The future of space exploration | Nathan Pullicino

The European Space Agency’s (ESA) Human and Robotic Exploration programme, Terrae Novae, is envisioned to lead space exploration using robots to gather scientific data and prepare Europe for human exploration.

Terrae Novae, meaning new worlds, refers to the three destinations being explored: Low Earth Orbit on the International Space Station, the Moon and Mars. The moon provides the technological, scientific, and socio-economic benefits of planetary exploration, while having the great advantage of being close-to-home. It is therefore the ideal environment on which to test new technologies which will allow humans to travel and survive longer and further in space.

While lunar exploration can be beneficial, it is also expensive, and there are limits to how much mass and power can be transported to and generated on the moon given our current technology.

Human and robotic survival on the moon would also require additional infrastructure to account for the harsher environment.

This is especially the case for long-term missions which require survival throughout the lunar night, where the temperature varies significantly from that during the lunar day. This means that any long-lasting infrastructure would have to survive freezing temperatures, and be able to properly dissipate heat.

Since the lunar night is about 14 days, and power generation relies heavily on solar power, there are limits to the activities which could take place on the moon. In the lunar night, any leftover power would have to be used for survival, making it harder to traverse the moon and gather data.

Since the moon is an extremely dusty environment, infrastructure may degrade over time as the dust may cause moving parts to function less effectively and cover solar panels. Therefore, space travel and survival is not as straightforward as one might think. Power production and distribution, both for survival and scientific gain, is of great interest to space agencies nowadays, which certainly opens a range of opportunities for interested companies throughout Europe.

To make the future of human and robotic exploration on the moon cost-effective, viable and beneficial, a large and modular lunar architecture is necessary. Ideally, the same lunar architecture would be able to accomplish multiple feats with minimal changes or additional infrastructure. For example, while there may be multiple missions which require mobility solutions such as rovers and robotic arms, the cost and time for the research, design and manufacturing of individual technologies would be extremely large. In cases where it is possible, ESA thus proposes the design of a single structure capable of successfully accomplishing all of these missions. If the required infrastructure is too large for a single landing, then there needs to be a way of connecting said infrastructure after multiple landings.

One way of reducing the material being launched from Earth would be to create those materials on the moon itself. In-Situ Resource Utilization (ISRU) is a process in which the required materials are manufactured at the site in which they are needed.

Producing metals, oxygen and water on the moon and Mars is certainly possible in theory, however years of academic and industrial research is needed to make this a reality. This opens up several doors for chemists and engineers with a passion for space exploration who wish to push the boundaries of current technology.

With all the challenges that come with space exploration, a single organisation is not enough to provide the best possible results. Research and industrial involvement is critical in the development of such an architecture, thus space agencies nowadays have taken on more of an enabling role.

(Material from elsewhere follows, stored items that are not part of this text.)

(* Assume $\mathfrak{d}=\omega_1$, and let $\langle f_\alpha:\alpha<\omega_1\rangle$ be functions in ${}^\omega\omega$ with $f_\alpha<^*f_\beta$ whenever $\alpha<\beta$ and such that for every $g\in{}^\omega\omega$ there is $\alpha$ with $g<^*f_\alpha$. Let $\{P_i:i<\omega\}$ be a partition of $\omega$ into infinite sets, and for $\alpha<\omega_1$ let $Z_\alpha=\{n<\omega:\exists i\,(n\in P_i\text{ and }n>f_\alpha(i))\}$. Let $X$ be the space with underlying set $(\omega\times\omega_1)\cup\{\infty\}$, where all points of $\omega\times\omega_1$ are isolated and a local subbase at $\infty$ consists of the sets $X\setminus(P_i\times\omega_1)$ for $i<\omega$ and $X\setminus(Z_\alpha\times\alpha)$ for $\alpha<\omega_1$. Suppose $U$ is a filter on $\omega$ with dual ideal $I$ such that $P_i\in I$ for all $i<\omega$ and $Z_\alpha\notin I$ for all $\alpha<\omega_1$. Then $X$ is Fréchet and $L$-selective but not $U$-selective.
   Context: $f<^*g$ means $f(n)<g(n)$ for all but finitely many $n$. A space is Fréchet if whenever $x\in\overline{A}$ there is a sequence in $A$ converging to $x$. $\mathcal{F}(X)$ is the set of nonempty closed subsets of $X$; $\varphi:Y\rightarrow\mathcal{F}(X)$ is lower semicontinuous if for every open $W\subseteq X$, $\{y:\varphi(y)\cap W\neq\emptyset\}$ is open in $Y$. $X$ is $Y$-selective if every lower semicontinuous $\varphi:Y\rightarrow\mathcal{F}(X)$ has a continuous selection $s:Y\rightarrow X$ (i.e., $s(y)\in\varphi(y)$ for all $y$). $X$ is $L$-selective if it is $(\omega+1)$-selective, where $\omega+1$ carries the order topology (a convergent sequence). For a filter $U$ on $\omega$, $Y_U$ is the space on $\omega\cup\{\infty\}$ with points of $\omega$ isolated and neighborhoods of $\infty$ the sets $A\cup\{\infty\}$, $A\in U$; $X$ is $U$-selective if it is $Y_U$-selective. *)

theory Defs
  imports "HOL-Analysis.Analysis" "HOL-Library.Equipollence"
begin

definition less_star :: "(nat \<Rightarrow> nat) \<Rightarrow> (nat \<Rightarrow> nat) \<Rightarrow> bool" (infix "<*" 50)
  where "f <* g \<longleftrightarrow> finite {n. \<not> f n < g n}"

definition dominating :: "(nat \<Rightarrow> nat) set \<Rightarrow> bool"
  where "dominating D \<longleftrightarrow> (\<forall>g. \<exists>h\<in>D. finite {n. \<not> g n \<le> h n})"

definition dominating_number_is :: "'w set \<Rightarrow> bool"
  where "dominating_number_is W \<longleftrightarrow>
           (\<exists>D. dominating D \<and> D \<lesssim> W) \<and> (\<forall>D. dominating D \<longrightarrow> W \<lesssim> D)"

definition Frechet_space :: "'a topology \<Rightarrow> bool"
  where "Frechet_space X \<longleftrightarrow>
    (\<forall>A x. A \<subseteq> topspace X \<and> x \<in> X closure_of A \<longrightarrow>
        (\<exists>\<sigma>. range \<sigma> \<subseteq> A \<and> limitin X \<sigma> x sequentially))"

definition lsc_map :: "'b topology \<Rightarrow> 'a topology \<Rightarrow> ('b \<Rightarrow> 'a set) \<Rightarrow> bool"
  where "lsc_map Y X \<phi> \<longleftrightarrow>
    (\<forall>y\<in>topspace Y. \<phi> y \<noteq> {} \<and> closedin X (\<phi> y)) \<and>
    (\<forall>W. openin X W \<longrightarrow> openin Y {y \<in> topspace Y. \<phi> y \<inter> W \<noteq> {}})"

definition selective :: "'b topology \<Rightarrow> 'a topology \<Rightarrow> bool"
  where "selective Y X \<longleftrightarrow>
    (\<forall>\<phi>. lsc_map Y X \<phi> \<longrightarrow>
       (\<exists>s. continuous_map Y X s \<and> (\<forall>y\<in>topspace Y. s y \<in> \<phi> y)))"

text \<open>L-selective: (\<omega>+1)-selective, \<omega>+1 = enat with its order topology.\<close>
definition L_selective :: "'a topology \<Rightarrow> bool"
  where "L_selective X \<longleftrightarrow> selective (euclidean :: enat topology) X"

text \<open>The space Y_U on \<omega> \<union> {\<infinity>}, with None playing the role of \<infinity>.\<close>
definition filter_space :: "nat filter \<Rightarrow> nat option topology"
  where "filter_space U = topology (\<lambda>S. None \<in> S \<longrightarrow> eventually (\<lambda>n. Some n \<in> S) U)"

definition U_selective :: "nat filter \<Rightarrow> 'a topology \<Rightarrow> bool"
  where "U_selective U X \<longleftrightarrow> selective (filter_space U) X"

text \<open>The space X on (\<omega> \<times> omega_1) \<union> {\<infinity>}, with None playing the role of \<infinity>:
  topology generated by all singletons of points of \<omega> \<times> omega_1 and the subbasic
  neighbourhoods X - (P i \<times> omega_1), X - (Z \<alpha> \<times> \<alpha>) of \<infinity>.\<close>
definition space_X :: "(nat \<Rightarrow> nat set) \<Rightarrow> ('w::wellorder \<Rightarrow> nat set) \<Rightarrow> (nat \<times> 'w) option topology"
  where "space_X P Z = topology_generated_by
     ({{Some p} | p. True}
      \<union> range (\<lambda>i. - (Some ` (P i \<times> UNIV)))
      \<union> range (\<lambda>\<alpha>. - (Some ` (Z \<alpha> \<times> {\<beta>. \<beta> < \<alpha>}))))"

end

(*
  Call a point x sequentially selective if, whenever every neighbourhood of x eventually
  meets the nonempty sets A n, one can pick points of A n converging to x.  If every point
  is sequentially selective, the space is Frechet (take A n = A) and L-selective (take
  A n = phi n, converging to a point of phi infinity).

  In X the isolated points are trivially sequentially selective, and so is infinity.  The
  points of A n whose fibre {b. (a, b) in A n} is bounded in omega_1 all lie below a single
  gamma, and a diagonal choice against the countably many sets Z alpha x alpha, alpha <= gamma,
  converges to infinity as far as those subbasic sets are concerned.  Points with unbounded
  fibres are then lifted above an alpha_0 chosen so that f alpha dominates the first
  coordinates of the chosen points for every alpha >= alpha_0.  For alpha < alpha_0 the lifted
  points are harmless and the others have second coordinate below gamma, so Z alpha x alpha
  only matters through Z (min alpha gamma), which contains Z alpha above finitely many levels.

  X is not U-selective: n |-> {n} x omega_1, infinity |-> {infinity} is lower semicontinuous
  on Y_U because every P i lies in the dual ideal of U, but a continuous selection
  n |-> (n, beta n) has all beta n below some gamma, and continuity at infinity would then
  put the complement of Z gamma into U.
*)
theory Submission
  imports Defs
begin
(* Let $G$ be a group, $A$ a semilattice of groups and $\Theta=(\theta,w)$ a twisted partial action of $G$ on $A$. Then $A*_\Theta G$, with $i(a)=a\delta_1$ and $j(a\delta_x)=x$, is an extension of $A$ by $G$. Moreover, the maps $\pi:A*_\Theta G\to E(A)*_\theta G$, $\pi(a\delta_x)=aa^{-1}\delta_x$, and $\kappa:E(A)*_\theta G\to G$, $\kappa(e\delta_x)=x$, are epimorphisms such that $A\overset{i}{\to}A*_\Theta G\overset{\pi}{\to}E(A)*_\theta G$ is an extension of $A$ by $E(A)*_\theta G$ and $j=\kappa\circ\pi$ (so $E(A)*_\theta G$ is, up to isomorphism, the $E$-unitary inverse semigroup associated with the extension $A*_\Theta G$ of $A$ by $G$).
   Context: A semilattice of groups is an inverse semigroup $A$ with central idempotents. A multiplier of a semigroup $T$ is a pair $(L,R)$ of maps $T\to T$ with $L(st)=L(s)t$, $R(st)=sR(t)$, $sL(t)=R(s)t$, written $ws=L(s)$, $sw=R(s)$; they form a monoid $\mathcal M(T)$ with unit group $\mathcal U(\mathcal M(T))$. A twisted partial action of $G$ on $A$ is $\Theta=(\theta,w)$ with isomorphisms $\theta_x:D_{x^{-1}}\to D_x$ between nonempty ideals and $w_{x,y}\in\mathcal U(\mathcal M(D_xD_{xy}))$ such that (i) $D_x^2=D_x$, $D_xD_y=D_yD_x$; (ii) $D_1=A$, $\theta_1=\mathrm{id}$; (iii) $\theta_x(D_{x^{-1}}D_y)=D_xD_{xy}$; (iv) $\theta_x\theta_y(s)=w_{x,y}\theta_{xy}(s)w_{x,y}^{-1}$ for $s\in D_{y^{-1}}D_{y^{-1}x^{-1}}$; (v) $w_{1,x}=w_{x,1}$ = identity of $D_x$; (vi) $\theta_x(sw_{y,z})w_{x,yz}=\theta_x(s)w_{x,y}w_{xy,z}$ for $s\in D_{x^{-1}}D_yD_{yz}$. The crossed product $A*_\Theta G=\{a\delta_x: a\in D_x\}$ has product $a\delta_x\cdot b\delta_y=\theta_x(\theta_x^{-1}(a)b)w_{x,y}\delta_{xy}$. The maps $\theta_x$ restrict to isomorphisms $E(D_{x^{-1}})\to E(D_x)$ forming a partial action $\theta$ of $G$ on $E(A)$, and $E(A)*_\theta G=\{e\delta_x: e\in E(D_x)\}$ with $e\delta_x\cdot f\delta_y=\theta_x(\theta_x^{-1}(e)f)\delta_{xy}$. An extension of $A$ by a group $G$: inverse semigroup $U$, monomorphism $i:A\to U$, epimorphism $j:U\to G$ with $i(A)=j^{-1}(1)$. An extension of $A$ by an inverse semigroup $S$: inverse semigroup $U$, monomorphism $i:A\to U$, idempotent-separating epimorphism $\pi:U\to S$ with $i(A)=\pi^{-1}(E(S))$. *)

theory Defs
  imports "HOL-Algebra.Coset"
begin

(* Inverse semigroups are represented as HOL-Algebra monoid records (the field one is ignored). *)

definition sgrp :: "('a,'b) monoid_scheme \<Rightarrow> bool" where
  "sgrp S \<longleftrightarrow> (\<forall>x\<in>carrier S. \<forall>y\<in>carrier S. x \<otimes>\<^bsub>S\<^esub> y \<in> carrier S) \<and>
     (\<forall>x\<in>carrier S. \<forall>y\<in>carrier S. \<forall>z\<in>carrier S.
        x \<otimes>\<^bsub>S\<^esub> y \<otimes>\<^bsub>S\<^esub> z = x \<otimes>\<^bsub>S\<^esub> (y \<otimes>\<^bsub>S\<^esub> z))"

definition inverse_semigroup :: "('a,'b) monoid_scheme \<Rightarrow> bool" where
  "inverse_semigroup S \<longleftrightarrow> sgrp S \<and>
     (\<forall>a\<in>carrier S. \<exists>!b. b \<in> carrier S \<and> a \<otimes>\<^bsub>S\<^esub> b \<otimes>\<^bsub>S\<^esub> a = a \<and> b \<otimes>\<^bsub>S\<^esub> a \<otimes>\<^bsub>S\<^esub> b = b)"

definition sinv :: "('a,'b) monoid_scheme \<Rightarrow> 'a \<Rightarrow> 'a" where
  "sinv S a = (THE b. b \<in> carrier S \<and> a \<otimes>\<^bsub>S\<^esub> b \<otimes>\<^bsub>S\<^esub> a = a \<and> b \<otimes>\<^bsub>S\<^esub> a \<otimes>\<^bsub>S\<^esub> b = b)"

definition idems :: "('a,'b) monoid_scheme \<Rightarrow> 'a set" where
  "idems S = {e \<in> carrier S. e \<otimes>\<^bsub>S\<^esub> e = e}"

definition semilattice_of_groups :: "('a,'b) monoid_scheme \<Rightarrow> bool" where
  "semilattice_of_groups S \<longleftrightarrow> inverse_semigroup S \<and>
     (\<forall>e\<in>idems S. \<forall>a\<in>carrier S. e \<otimes>\<^bsub>S\<^esub> a = a \<otimes>\<^bsub>S\<^esub> e)"

definition sg_ideal :: "('a,'b) monoid_scheme \<Rightarrow> 'a set \<Rightarrow> bool" where
  "sg_ideal S I \<longleftrightarrow> I \<noteq> {} \<and> I \<subseteq> carrier S \<and>
     (\<forall>s\<in>carrier S. \<forall>a\<in>I. s \<otimes>\<^bsub>S\<^esub> a \<in> I \<and> a \<otimes>\<^bsub>S\<^esub> s \<in> I)"

(* multiplier (L,R) of the subsemigroup T; w s = L s, s w = R s *)
definition multiplier :: "('a,'b) monoid_scheme \<Rightarrow> 'a set \<Rightarrow> ('a \<Rightarrow> 'a) \<times> ('a \<Rightarrow> 'a) \<Rightarrow> bool" where
  "multiplier S T w \<longleftrightarrow> fst w \<in> T \<rightarrow> T \<and> snd w \<in> T \<rightarrow> T \<and>
     (\<forall>s\<in>T. \<forall>t\<in>T. fst w (s \<otimes>\<^bsub>S\<^esub> t) = fst w s \<otimes>\<^bsub>S\<^esub> t
                  \<and> snd w (s \<otimes>\<^bsub>S\<^esub> t) = s \<otimes>\<^bsub>S\<^esub> snd w t
                  \<and> s \<otimes>\<^bsub>S\<^esub> fst w t = snd w s \<otimes>\<^bsub>S\<^esub> t)"

(* Product in M(T): (w w') s = w (w' s), s (w w') = (s w) w'.  Identity: (id,id).
   w is a unit iff it has a two-sided inverse multiplier. *)
definition unit_multiplier :: "('a,'b) monoid_scheme \<Rightarrow> 'a set \<Rightarrow> ('a \<Rightarrow> 'a) \<times> ('a \<Rightarrow> 'a) \<Rightarrow> bool" where
  "unit_multiplier S T w \<longleftrightarrow> multiplier S T w \<and>
     (\<exists>w'. multiplier S T w' \<and>
        (\<forall>s\<in>T. fst w (fst w' s) = s \<and> fst w' (fst w s) = s \<and>
                snd w (snd w' s) = s \<and> snd w' (snd w s) = s))"

(* right action of the inverse multiplier w^{-1} on T:  s w^{-1} *)
definition mult_rinv :: "'a set \<Rightarrow> ('a \<Rightarrow> 'a) \<times> ('a \<Rightarrow> 'a) \<Rightarrow> 'a \<Rightarrow> 'a" where
  "mult_rinv T w = inv_into T (snd w)"

definition twisted_partial_action ::
  "('g,'c) monoid_scheme \<Rightarrow> ('a,'b) monoid_scheme \<Rightarrow> ('g \<Rightarrow> 'a set) \<Rightarrow> ('g \<Rightarrow> 'a \<Rightarrow> 'a)
     \<Rightarrow> ('g \<Rightarrow> 'g \<Rightarrow> ('a \<Rightarrow> 'a) \<times> ('a \<Rightarrow> 'a)) \<Rightarrow> bool" where
  "twisted_partial_action G A D \<theta> w \<longleftrightarrow>
     (\<forall>x\<in>carrier G. sg_ideal A (D x)) \<and>
     (\<forall>x\<in>carrier G. bij_betw (\<theta> x) (D (inv\<^bsub>G\<^esub> x)) (D x) \<and>
        (\<forall>a\<in>D (inv\<^bsub>G\<^esub> x). \<forall>b\<in>D (inv\<^bsub>G\<^esub> x). \<theta> x (a \<otimes>\<^bsub>A\<^esub> b) = \<theta> x a \<otimes>\<^bsub>A\<^esub> \<theta> x b)) \<and>
     (\<forall>x\<in>carrier G. \<forall>y\<in>carrier G. unit_multiplier A (D x <#>\<^bsub>A\<^esub> D (x \<otimes>\<^bsub>G\<^esub> y)) (w x y)) \<and>
     \<comment> \<open>(i)\<close>
     (\<forall>x\<in>carrier G. D x <#>\<^bsub>A\<^esub> D x = D x) \<and>
     (\<forall>x\<in>carrier G. \<forall>y\<in>carrier G. D x <#>\<^bsub>A\<^esub> D y = D y <#>\<^bsub>A\<^esub> D x) \<and>
     \<comment> \<open>(ii)\<close>
     D \<one>\<^bsub>G\<^esub> = carrier A \<and> (\<forall>a\<in>carrier A. \<theta> \<one>\<^bsub>G\<^esub> a = a) \<and>
     \<comment> \<open>(iii)\<close>
     (\<forall>x\<in>carrier G. \<forall>y\<in>carrier G.
        \<theta> x ` (D (inv\<^bsub>G\<^esub> x) <#>\<^bsub>A\<^esub> D y) = D x <#>\<^bsub>A\<^esub> D (x \<otimes>\<^bsub>G\<^esub> y)) \<and>
     \<comment> \<open>(iv)\<close>
     (\<forall>x\<in>carrier G. \<forall>y\<in>carrier G.
        \<forall>s\<in>D (inv\<^bsub>G\<^esub> y) <#>\<^bsub>A\<^esub> D (inv\<^bsub>G\<^esub> y \<otimes>\<^bsub>G\<^esub> inv\<^bsub>G\<^esub> x).
          \<theta> x (\<theta> y s) =
            mult_rinv (D x <#>\<^bsub>A\<^esub> D (x \<otimes>\<^bsub>G\<^esub> y)) (w x y) (fst (w x y) (\<theta> (x \<otimes>\<^bsub>G\<^esub> y) s))) \<and>
     \<comment> \<open>(v)\<close>
     (\<forall>x\<in>carrier G. \<forall>s\<in>D x.
        fst (w \<one>\<^bsub>G\<^esub> x) s = s \<and> snd (w \<one>\<^bsub>G\<^esub> x) s = s \<and>
        fst (w x \<one>\<^bsub>G\<^esub>) s = s \<and> snd (w x \<one>\<^bsub>G\<^esub>) s = s) \<and>
     \<comment> \<open>(vi)\<close>
     (\<forall>x\<in>carrier G. \<forall>y\<in>carrier G. \<forall>z\<in>carrier G.
        \<forall>s\<in>D (inv\<^bsub>G\<^esub> x) <#>\<^bsub>A\<^esub> D y <#>\<^bsub>A\<^esub> D (y \<otimes>\<^bsub>G\<^esub> z).
          snd (w x (y \<otimes>\<^bsub>G\<^esub> z)) (\<theta> x (snd (w y z) s)) =
          snd (w (x \<otimes>\<^bsub>G\<^esub> y) z) (snd (w x y) (\<theta> x s)))"

(* crossed product A *_Theta G; the pair (a,x) stands for a delta_x *)
definition crossed_product ::
  "('g,'c) monoid_scheme \<Rightarrow> ('a,'b) monoid_scheme \<Rightarrow> ('g \<Rightarrow> 'a set) \<Rightarrow> ('g \<Rightarrow> 'a \<Rightarrow> 'a)
     \<Rightarrow> ('g \<Rightarrow> 'g \<Rightarrow> ('a \<Rightarrow> 'a) \<times> ('a \<Rightarrow> 'a)) \<Rightarrow> ('a \<times> 'g) monoid" where
  "crossed_product G A D \<theta> w =
     \<lparr> carrier = {(a, x). x \<in> carrier G \<and> a \<in> D x},
       mult = (\<lambda>(a, x) (b, y).
          (snd (w x y) (\<theta> x (inv_into (D (inv\<^bsub>G\<^esub> x)) (\<theta> x) a \<otimes>\<^bsub>A\<^esub> b)), x \<otimes>\<^bsub>G\<^esub> y)),
       one = undefined \<rparr>"

definition idem_crossed_product ::
  "('g,'c) monoid_scheme \<Rightarrow> ('a,'b) monoid_scheme \<Rightarrow> ('g \<Rightarrow> 'a set) \<Rightarrow> ('g \<Rightarrow> 'a \<Rightarrow> 'a)
     \<Rightarrow> ('a \<times> 'g) monoid" where
  "idem_crossed_product G A D \<theta> =
     \<lparr> carrier = {(e, x). x \<in> carrier G \<and> e \<in> D x \<inter> idems A},
       mult = (\<lambda>(e, x) (f, y).
          (\<theta> x (inv_into (D (inv\<^bsub>G\<^esub> x)) (\<theta> x) e \<otimes>\<^bsub>A\<^esub> f), x \<otimes>\<^bsub>G\<^esub> y)),
       one = undefined \<rparr>"

definition monomorphism where
  "monomorphism S T h \<longleftrightarrow> h \<in> hom S T \<and> inj_on h (carrier S)"

definition epimorphism where
  "epimorphism S T h \<longleftrightarrow> h \<in> hom S T \<and> h ` carrier S = carrier T"

definition group_extension ::
  "('a,'b) monoid_scheme \<Rightarrow> ('u,'d) monoid_scheme \<Rightarrow> ('g,'c) monoid_scheme
     \<Rightarrow> ('a \<Rightarrow> 'u) \<Rightarrow> ('u \<Rightarrow> 'g) \<Rightarrow> bool" where
  "group_extension A U G i j \<longleftrightarrow> inverse_semigroup U \<and> group G \<and>
     monomorphism A U i \<and> epimorphism U G j \<and>
     i ` carrier A = {u \<in> carrier U. j u = \<one>\<^bsub>G\<^esub>}"

definition semigroup_extension ::
  "('a,'b) monoid_scheme \<Rightarrow> ('u,'d) monoid_scheme \<Rightarrow> ('s,'e) monoid_scheme
     \<Rightarrow> ('a \<Rightarrow> 'u) \<Rightarrow> ('u \<Rightarrow> 's) \<Rightarrow> bool" where
  "semigroup_extension A U S i p \<longleftrightarrow> inverse_semigroup U \<and> inverse_semigroup S \<and>
     monomorphism A U i \<and> epimorphism U S p \<and> inj_on p (idems U) \<and>
     i ` carrier A = {u \<in> carrier U. p u \<in> idems S}"

end

theory Submission
  imports Defs
begin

To create a project which best fits into the programme, a team within the agency must be aware of the various lunar missions envisioned, the lunar architecture required to accomplish the missions and how the different missions will interact. The team proposes means of accomplishing the targets presented in the programme by proposing missions and technologies and then works with interested and capable companies from all over Europe to produce an end-product.

The nature of this work varies from the writing of the mission and systems requirements; to being involved in the design of missions at the Concurrent Design Facility in which experts from different disciplines meet to study the feasibility of a concept; to overseeing contractors’ progress.

Apart from enabling European industry by funding projects and overseeing research, ESA also invests in the future of Europe. The agency gives the opportunity for young graduates from various disciplines to contribute to space exploration and gain critical skills which can be used throughout industry, academia and even within the agency itself.

The YPSat is a CubeSat being developed by young professionals at ESA which will launch on the maiden flight of Ariane 6 in 2024. The CubeSat will operate an imaging system to record fairing and payload separation of the rocket; and take in-orbit images of the Earth. While supported by ESA, this project is being worked on exclusively by young professionals who design, manufacture and test every aspect of the satellite.

With the broad nature of the challenges we are faced with when it comes to space exploration; and with there being so much that we simply don’t know when it comes to space, multi- disciplinary teams are needed. However, apart from experts in the science fields, companies also require experts in other fields such as business, law, marketing and communication. The growth of the space industry creates new opportunities for people to succeed and contribute to space exploration by doing what they are passionate about.

By doing so, it is not just those with a passion for space who benefit, but also everyone else. Without space exploration to help us push the boundaries of current technologies, we would miss out on having better, more affordable ones which benefit all of humankind. The internet, GPS, solar panels, air purifiers and artificial limbs are but a tiny fraction of the technology we wouldn’t have had it not been for space exploration.

Nathan Pullicino was hosted by ESA to work at the European Space Research and Technology Centre (ESTEC) within the team which integrates, coordinates, and manages the development of studies and technologies for future exploration missions on the moon.